BEGIN
(* Let $(A,\vee,\perp,0)$ be a quasi-orthomodular nearsemilattice. Then for every $p \in A$ the initial segment $[0,p] = \{x \in A : x \le p\}$ is an orthomodular lattice (with the induced order), and the joins and meets in $[0,p]$ agree with the corresponding joins and meets existing in $A$.
   Context: A nearsemilattice is a poset $A$ with least element $0$ in which any two elements having a common upper bound have a join; $x \vee y$ is the (partial) join, and we say $x \vee y$ is defined iff $x,y$ have a common upper bound. An orthogonality on a poset with least element $0$ is a binary relation $\perp$ such that: (i) $x \perp y$ implies $y \perp x$; (ii) $x \le y$ and $y \perp z$ imply $x \perp z$; (iii) $x \perp 0$ for all $x$. A quasi-orthomodular nearsemilattice is a nearsemilattice with an orthogonality $\perp$ such that: (a) if $x \perp y$ then $x \vee y$ is defined; (b) if $x \le y$ then $y = x \vee z$ for some $z$ with $x \perp z$; (c) if $x \perp y$, $x \perp z$ and $y \le x \vee z$, then $y \le z$. An orthomodular lattice is a bounded lattice with an orthocomplementation $x \mapsto x^-$ (an order-reversing involution with $x \vee x^- = 1$) such that, for the orthogonality $x \perp y$ iff $y \le x^-$, whenever $x \le y$ there is $z$ with $x \perp z$ and $y = x \vee z$. *)

theory Defs
  imports Main
begin

text \<open>The poset A is a type of class order_bot; its least element 0 is bot.
  Joins and meets are taken relative to a subset S with the induced order.\<close>

definition is_join_in :: "'a::order set \<Rightarrow> 'a \<Rightarrow> 'a \<Rightarrow> 'a \<Rightarrow> bool" where
  "is_join_in S x y j \<longleftrightarrow> j \<in> S \<and> x \<le> j \<and> y \<le> j \<and>
     (\<forall>u\<in>S. x \<le> u \<and> y \<le> u \<longrightarrow> j \<le> u)"

definition is_meet_in :: "'a::order set \<Rightarrow> 'a \<Rightarrow> 'a \<Rightarrow> 'a \<Rightarrow> bool" where
  "is_meet_in S x y m \<longleftrightarrow> m \<in> S \<and> m \<le> x \<and> m \<le> y \<and>
     (\<forall>l\<in>S. l \<le> x \<and> l \<le> y \<longrightarrow> l \<le> m)"

definition nearsemilattice :: "'a::order_bot itself \<Rightarrow> bool" where
  "nearsemilattice _ \<longleftrightarrow>
     (\<forall>x y :: 'a. (\<exists>u. x \<le> u \<and> y \<le> u) \<longrightarrow> (\<exists>j. is_join_in UNIV x y j))"

definition orthogonality :: "('a::order_bot \<Rightarrow> 'a \<Rightarrow> bool) \<Rightarrow> bool" where
  "orthogonality orth \<longleftrightarrow>
     (\<forall>x y. orth x y \<longrightarrow> orth y x) \<and>
     (\<forall>x y z. x \<le> y \<and> orth y z \<longrightarrow> orth x z) \<and>
     (\<forall>x. orth x bot)"

definition quasi_orthomodular_nearsemilattice :: "('a::order_bot \<Rightarrow> 'a \<Rightarrow> bool) \<Rightarrow> bool" where
  "quasi_orthomodular_nearsemilattice orth \<longleftrightarrow>
     nearsemilattice TYPE('a) \<and> orthogonality orth \<and>
     (\<forall>x y. orth x y \<longrightarrow> (\<exists>j. is_join_in UNIV x y j)) \<and>
     (\<forall>x y. x \<le> y \<longrightarrow> (\<exists>z. orth x z \<and> is_join_in UNIV x z y)) \<and>
     (\<forall>x y z. orth x y \<and> orth x z \<and> (\<exists>j. is_join_in UNIV x z j \<and> y \<le> j) \<longrightarrow> y \<le> z)"

definition orthocomplementation_on :: "'a::order set \<Rightarrow> ('a \<Rightarrow> 'a) \<Rightarrow> 'a \<Rightarrow> bool" where
  "orthocomplementation_on S c one \<longleftrightarrow>
     (\<forall>x\<in>S. c x \<in> S) \<and>
     (\<forall>x\<in>S. \<forall>y\<in>S. x \<le> y \<longrightarrow> c y \<le> c x) \<and>
     (\<forall>x\<in>S. c (c x) = x) \<and>
     (\<forall>x\<in>S. is_join_in S x (c x) one)"

text \<open>S with the induced order is an orthomodular lattice: a bounded lattice with an
  orthocomplementation c such that, for x orth z iff z <= c x, whenever x <= y there is
  z with x orth z and y = x join z.\<close>
definition orthomodular_lattice_on :: "'a::order set \<Rightarrow> bool" where
  "orthomodular_lattice_on S \<longleftrightarrow>
     (\<exists>zero one c. zero \<in> S \<and> one \<in> S \<and> (\<forall>x\<in>S. zero \<le> x \<and> x \<le> one) \<and>
        (\<forall>x\<in>S. \<forall>y\<in>S. (\<exists>j. is_join_in S x y j) \<and> (\<exists>m. is_meet_in S x y m)) \<and>
        orthocomplementation_on S c one \<and>
        (\<forall>x\<in>S. \<forall>y\<in>S. x \<le> y \<longrightarrow> (\<exists>z\<in>S. z \<le> c x \<and> is_join_in S x z y)))"

end

theory Submission
  imports Defs
begin

text \<open>For x \<le> p the decomposition axiom gives an orthogonal z with x \<or> z = p, and the
  cancellation axiom makes it unique; this is the orthocomplement of x in [0,p], and
  x \<perp> y holds exactly when y lies below it. Meets in [0,p] then exist by De Morgan, as the
  complement of the join of the complements. Since [0,p] is a down-set containing the joins
  of its elements, its joins and meets are those of A.\<close>

lemma is_join_in_commute: "is_join_in S x y j \<longleftrightarrow> is_join_in S y x j"
  unfolding is_join_in_def by auto

lemma is_join_in_atMost_iff:
  assumes "is_join_in UNIV x y j'" and "x \<le> p" and "y \<le> p"
  shows "is_join_in {x. x \<le> p} x y j \<longleftrightarrow> is_join_in UNIV x y j"
proof
  assume j: "is_join_in {x. x \<le> p} x y j"
  have "j' \<le> p" using assms by (simp add: is_join_in_def)
  with j assms(1) have "j \<le> j'" "j' \<le> j"
    unfolding is_join_in_def by simp_all
  then have "j = j'" by (rule order.antisym)
  with assms(1) show "is_join_in UNIV x y j" by simp
next
  assume "is_join_in UNIV x y j"
  with assms(2,3) show "is_join_in {x. x \<le> p} x y j"
    unfolding is_join_in_def by auto
qed

lemma is_meet_in_atMost_iff:
  assumes "x \<le> p"
  shows "is_meet_in {x. x \<le> p} x y m \<longleftrightarrow> is_meet_in UNIV x y m"
  using assms unfolding is_meet_in_def by (auto intro: order_trans)

text \<open>Only the axioms the argument needs.\<close>

locale quasi_orthomodular =
  fixes orth :: "'a::order_bot \<Rightarrow> 'a \<Rightarrow> bool"
  assumes join_exists: "x \<le> u \<Longrightarrow> y \<le> u \<Longrightarrow> \<exists>j. is_join_in UNIV x y j"
    and orth_sym: "orth x y \<Longrightarrow> orth y x"
    and orth_downward: "x \<le> y \<Longrightarrow> orth y z \<Longrightarrow> orth x z"
    and orth_decompose: "x \<le> y \<Longrightarrow> \<exists>z. orth x z \<and> is_join_in UNIV x z y"
    and orth_cancel: "orth x y \<Longrightarrow> orth x z \<Longrightarrow> is_join_in UNIV x z j \<Longrightarrow> y \<le> j \<Longrightarrow> y \<le> z"

lemma quasi_orthomodular_nearsemilattice_imp_quasi_orthomodular:
  assumes "quasi_orthomodular_nearsemilattice orth"
  shows "quasi_orthomodular orth"
proof -
  have "nearsemilattice TYPE('a)" "orthogonality orth"
    and "\<forall>x y. x \<le> y \<longrightarrow> (\<exists>z. orth x z \<and> is_join_in UNIV x z y)"
    and "\<forall>x y z. orth x y \<and> orth x z \<and> (\<exists>j. is_join_in UNIV x z j \<and> y \<le> j) \<longrightarrow> y \<le> z"
    using assms unfolding quasi_orthomodular_nearsemilattice_def by simp_all
  then show ?thesis
    unfolding nearsemilattice_def orthogonality_def quasi_orthomodular_def by meson
qed

context quasi_orthomodular
begin

lemma join_atMost_iff:
  fixes x y p :: 'a
  assumes "x \<le> p" and "y \<le> p"
  shows "is_join_in {x. x \<le> p} x y j \<longleftrightarrow> is_join_in UNIV x y j"
proof -
  obtain j' where "is_join_in UNIV x y j'" using join_exists[OF assms] ..
  then show ?thesis using is_join_in_atMost_iff assms by blast
qed

lemma orth_complement_unique:
  assumes "orth x z" "is_join_in UNIV x z p" and "orth x z'" "is_join_in UNIV x z' p"
  shows "z' = z"
proof (rule order.antisym)
  have "z \<le> p" "z' \<le> p" using assms by (simp_all add: is_join_in_def)
  then show "z' \<le> z" "z \<le> z'"
    using orth_cancel[OF assms(3,1,2)] orth_cancel[OF assms(1,3,4)] by simp_all
qed

definition rel_compl :: "'a \<Rightarrow> 'a \<Rightarrow> 'a" where
  "rel_compl p x = (THE z. orth x z \<and> is_join_in UNIV x z p)"

lemma rel_compl:
  assumes "x \<le> p"
  shows "orth x (rel_compl p x)" and "is_join_in UNIV x (rel_compl p x) p"
proof -
  obtain z where z: "orth x z" "is_join_in UNIV x z p"
    using orth_decompose[OF assms] by blast
  have "rel_compl p x = z"
    unfolding rel_compl_def
    by (rule the_equality) (use z orth_complement_unique in blast)+
  with z show "orth x (rel_compl p x)" "is_join_in UNIV x (rel_compl p x) p" by simp_all
qed

lemma rel_compl_unique:
  assumes "x \<le> p" "orth x z" "is_join_in UNIV x z p"
  shows "rel_compl p x = z"
  by (rule orth_complement_unique[OF assms(2,3) rel_compl[OF assms(1)]])

lemma rel_compl_le: "x \<le> p \<Longrightarrow> rel_compl p x \<le> p"
  using rel_compl(2) unfolding is_join_in_def by blast

lemma orth_iff_le_rel_compl:
  assumes "x \<le> p" and "y \<le> p"
  shows "orth x y \<longleftrightarrow> y \<le> rel_compl p x"
proof
  assume "orth x y"
  then show "y \<le> rel_compl p x"
    using orth_cancel[OF _ rel_compl[OF assms(1)] assms(2)] by blast
next
  assume "y \<le> rel_compl p x"
  moreover have "orth (rel_compl p x) x" using rel_compl(1)[OF assms(1)] by (rule orth_sym)
  ultimately have "orth y x" by (rule orth_downward)
  then show "orth x y" by (rule orth_sym)
qed

lemma rel_compl_rel_compl:
  assumes "x \<le> p"
  shows "rel_compl p (rel_compl p x) = x"
proof (rule rel_compl_unique)
  show "rel_compl p x \<le> p" using assms by (rule rel_compl_le)
  show "orth (rel_compl p x) x" using rel_compl(1)[OF assms] by (rule orth_sym)
  show "is_join_in UNIV (rel_compl p x) x p"
    using rel_compl(2)[OF assms] by (subst is_join_in_commute)
qed

lemma rel_compl_antimono:
  assumes "x \<le> y" and "y \<le> p"
  shows "rel_compl p y \<le> rel_compl p x"
proof -
  have "orth x (rel_compl p y)"
    using orth_downward[OF assms(1) rel_compl(1)[OF assms(2)]] .
  moreover have "x \<le> p" using assms by (rule order_trans)
  ultimately show ?thesis
    using orth_iff_le_rel_compl rel_compl_le[OF assms(2)] by simp
qed

lemma rel_compl_join_is_meet:
  assumes x: "x \<le> p" and y: "y \<le> p"
    and j: "is_join_in UNIV (rel_compl p x) (rel_compl p y) j"
  shows "is_meet_in {x. x \<le> p} x y (rel_compl p j)"
proof -
  have cx: "rel_compl p x \<le> j" and cy: "rel_compl p y \<le> j"
    and least: "\<And>u. rel_compl p x \<le> u \<Longrightarrow> rel_compl p y \<le> u \<Longrightarrow> j \<le> u"
    using j unfolding is_join_in_def by auto
  have jp: "j \<le> p" using least rel_compl_le x y by blast
  have "l \<le> rel_compl p j" if lp: "l \<le> p" and "l \<le> x" "l \<le> y" for l
  proof -
    have "j \<le> rel_compl p l"
      using least rel_compl_antimono x y that by blast
    then have "rel_compl p (rel_compl p l) \<le> rel_compl p j"
      using rel_compl_antimono rel_compl_le[OF lp] by blast
    then show ?thesis by (simp add: rel_compl_rel_compl lp)
  qed
  moreover have "rel_compl p j \<le> x"
    using rel_compl_antimono[OF cx jp] by (simp add: rel_compl_rel_compl x)
  moreover have "rel_compl p j \<le> y"
    using rel_compl_antimono[OF cy jp] by (simp add: rel_compl_rel_compl y)
  ultimately show ?thesis
    using rel_compl_le[OF jp] unfolding is_meet_in_def by simp
qed

lemma orthocomplementation_on_rel_compl:
  "orthocomplementation_on {x. x \<le> p} (rel_compl p) p"
  unfolding orthocomplementation_on_def
proof (intro conjI ballI impI)
  fix x assume "x \<in> {x. x \<le> p}"
  then have x: "x \<le> p" by simp
  show "rel_compl p x \<in> {x. x \<le> p}" using rel_compl_le[OF x] by simp
  show "rel_compl p (rel_compl p x) = x" using x by (rule rel_compl_rel_compl)
  show "is_join_in {x. x \<le> p} x (rel_compl p x) p"
    using rel_compl(2)[OF x] join_atMost_iff[OF x rel_compl_le[OF x]] by simp
next
  fix x y assume "x \<in> {x. x \<le> p}" "y \<in> {x. x \<le> p}" "x \<le> y"
  then show "rel_compl p y \<le> rel_compl p x" by (simp add: rel_compl_antimono)
qed

lemma orthomodular_law_atMost:
  assumes "x \<le> y" and y: "y \<le> p"
  shows "\<exists>z\<in>{x. x \<le> p}. z \<le> rel_compl p x \<and> is_join_in {x. x \<le> p} x z y"
proof -
  obtain z where z: "orth x z" "is_join_in UNIV x z y"
    using orth_decompose[OF assms(1)] by blast
  have x: "x \<le> p" using assms by (rule order_trans)
  have "z \<le> y" using z(2) by (simp add: is_join_in_def)
  then have zp: "z \<le> p" using y by (rule order_trans)
  have "z \<le> rel_compl p x" using orth_iff_le_rel_compl[OF x zp] z(1) by simp
  moreover have "is_join_in {x. x \<le> p} x z y" using join_atMost_iff[OF x zp] z(2) by simp
  ultimately show ?thesis using zp by blast
qed

lemma orthomodular_lattice_on_atMost: "orthomodular_lattice_on {x. x \<le> (p::'a)}"
proof -
  have "\<exists>j. is_join_in {x. x \<le> p} x y j" if x: "x \<le> p" and y: "y \<le> p" for x y
    using join_exists[OF x y] join_atMost_iff[OF x y] by blast
  moreover have "\<exists>m. is_meet_in {x. x \<le> p} x y m" if x: "x \<le> p" and y: "y \<le> p" for x y
    using join_exists[OF rel_compl_le[OF x] rel_compl_le[OF y]] rel_compl_join_is_meet[OF x y]
    by blast
  ultimately show ?thesis
    unfolding orthomodular_lattice_on_def
    using orthocomplementation_on_rel_compl orthomodular_law_atMost
    by (intro exI[of _ bot] exI[of _ p] exI[of _ "rel_compl p"] conjI) simp_all
qed

end

theorem theorem2:
  fixes orth :: "'a::order_bot \<Rightarrow> 'a \<Rightarrow> bool" and p :: 'a
  assumes "quasi_orthomodular_nearsemilattice orth"
  shows "orthomodular_lattice_on {x. x \<le> p} \<and>
    (\<forall>x y. x \<le> p \<longrightarrow> y \<le> p \<longrightarrow>
       (\<forall>j. is_join_in {x. x \<le> p} x y j \<longleftrightarrow> is_join_in UNIV x y j) \<and>
       (\<forall>m. is_meet_in {x. x \<le> p} x y m \<longleftrightarrow> is_meet_in UNIV x y m))"
proof -
  interpret quasi_orthomodular orth
    using assms by (rule quasi_orthomodular_nearsemilattice_imp_quasi_orthomodular)
  show ?thesis
    using orthomodular_lattice_on_atMost join_atMost_iff is_meet_in_atMost_iff by blast
qed

end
END
» Task statement
Filter the entries down to the lines that hold "antisym". Copy those lines.

» Exercise response
  then have "j = j'" by (rule order.antisym)
proof (rule order.antisym)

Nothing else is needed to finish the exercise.